# Can I use these HF fittings in the lid of a Theil Separator?



## mikeintexas (Oct 25, 2011)

I'm going to build a Theil Separator to go in front of my HF DC. Planning on the typical 30-gallon shiny metal trashcan version.

I was going to use 4" PVC pipe for the feed/return lines in the lid, but then I saw these fittings from HF. My local HF has them in stock and I'm going there tomorrow anyway. Any reason why these won't work or why normal 4" PVC would be better? The reason I'm looking at these is b/c they were designed to accept 4" hose. Maybe PVC does too; I don't know as I've never built one of these things before. Thanks.


----------



## rrbrown (Feb 15, 2009)

mikeintexas said:


> I'm going to build a Theil Separator to go in front of my HF DC. Planning on the typical 30-gallon shiny metal trashcan version.
> 
> I was going to use 4" PVC pipe for the feed/return lines in the lid, but then I saw these fittings from HF. My local HF has them in stock and I'm going there tomorrow anyway. Any reason why these won't work or why normal 4" PVC would be better? The reason I'm looking at these is b/c they were designed to accept 4" hose. Maybe PVC does too; I don't know as I've never built one of these things before. Thanks.

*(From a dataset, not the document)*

(* Let $(A,\sigma)$ be a lax central bialgebra of a monoidal category $\mathcal C$ and $A\otimes_\sigma ?$ the associated bimonad on $\mathcal C$. Then: (a) $A\otimes_\sigma ?$ is a left Hopf monad $\iff$ it is a left pre-Hopf monad $\iff$ $A$ admits an antipode; (b) $A\otimes_\sigma ?$ is a right Hopf monad $\iff$ it is a right pre-Hopf monad $\iff$ $\sigma$ is invertible and $A$ admits an opantipode. In particular $A\otimes_\sigma ?$ is a Hopf monad iff it is a pre-Hopf monad iff $(A,\sigma)$ is a Hopf algebra in the center $\mathcal Z(\mathcal C)$.
   Context: Monoidal categories are strict. A lax half-braiding for an object $M$ of $\mathcal C$ is a natural transformation $\sigma_X\colon M\otimes X\to X\otimes M$ with $\sigma_{Y\otimes Z}=(Y\otimes\sigma_Z)(\sigma_Y\otimes Z)$ and $\sigma_{\mathbb 1}=\mathrm{id}_M$. The lax center $\mathcal Z_{lax}(\mathcal C)$ has objects such pairs $(M,\sigma)$, morphisms $f\colon M\to M'$ with $(X\otimes f)\sigma_X=\sigma'_X(f\otimes X)$, product $(M,\sigma)\otimes(N,\gamma)=(M\otimes N,(\sigma\otimes N)(M\otimes\gamma))$, and lax braiding $\tau_{(M,\sigma),(N,\gamma)}=\sigma_N$; the center $\mathcal Z(\mathcal C)$ is the full subcategory where $\sigma$ is invertible (a braided category). A bialgebra in a lax braided category with lax braiding $\tau$ is an object $A$ with algebra $(m,u)$ and coalgebra $(\Delta,\varepsilon)$ structures such that $\Delta m=(m\otimes m)(A\otimes\tau_{A,A}\otimes A)(\Delta\otimes\Delta)$, $\Delta u=u\otimes u$, $\varepsilon m=\varepsilon\otimes\varepsilon$, $\varepsilon u=\mathrm{id}_{\mathbb 1}$. An antipode is $S\colon A\to A$ with $m(S\otimes A)\Delta=u\varepsilon=m(A\otimes S)\Delta$; if $\tau_{A,A}$ is invertible, an opantipode is $S'$ with $m\tau_{A,A}^{-1}(S'\otimes A)\Delta=u\varepsilon=m\tau_{A,A}^{-1}(A\otimes S')\Delta$. A Hopf algebra is a bialgebra with invertible antipode and $\tau_{A,A}$ invertible. A lax central bialgebra of $\mathcal C$ is a bialgebra in $\mathcal Z_{lax}(\mathcal C)$; a central Hopf algebra is a Hopf algebra in $\mathcal Z(\mathcal C)$. For a lax central bialgebra $(A,\sigma)$, the bimonad $A\otimes_\sigma ?$ is the functor $X\mapsto A\otimes X$ with $\mu_X=m\otimes X$, $\eta_X=u\otimes X$, $T_2(X,Y)=((A\otimes\sigma_X)(\Delta\otimes X))\otimes Y$, $T_0=\varepsilon$. Bimonad: monad with comonoidal structure $(T_2,T_0)$ making $\mu,\eta$ comonoidal; fusion operators $H^l_{X,Y}=(TX\otimes\mu_Y)T_2(X,TY)$, $H^r_{X,Y}=(\mu_X\otimes TY)T_2(TX,Y)$; left (resp. right) Hopf if $H^l$ (resp. $H^r$) invertible; left (resp. right) pre-Hopf if $H^l_{\mathbb 1,X}$ (resp. $H^r_{X,\mathbb 1}$) invertible for all $X$. *)

theory Defs
  imports Main
begin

Those will work you just need to secure them to the lid and make them air tight.

As for the PVC, using sewer drain pipe is cheaper and it has to either be shrunk down to except a 4" hose or a fitting like the ones you mentioned can be siliconed inside the PVC drain pipe. I do that with my blast gates and use a short screw to secure it better.

I use heat, hose clamps and a 1 1/2" thick circle circle to shrink down the pvc. PVC becomes soft enough to flow at about 120 degrees F.


----------



## mikeintexas (Oct 25, 2011)

Thanks, Richard. If HF has the two in stock I'll just grab them. I have a heat gun, but no workbench right now to work on...just a plastic folding table. No vise to hold PVC will shrinking it. Yes; a workbench is my first project I'll be building.  Thanks again.


----------



## tvman44 (Dec 8, 2011)

Do you have a stock # for those fittings, I cannot find them online.
Thanks.


----------



## dmh (Sep 18, 2010)

4" Elbow

4" Straight


----------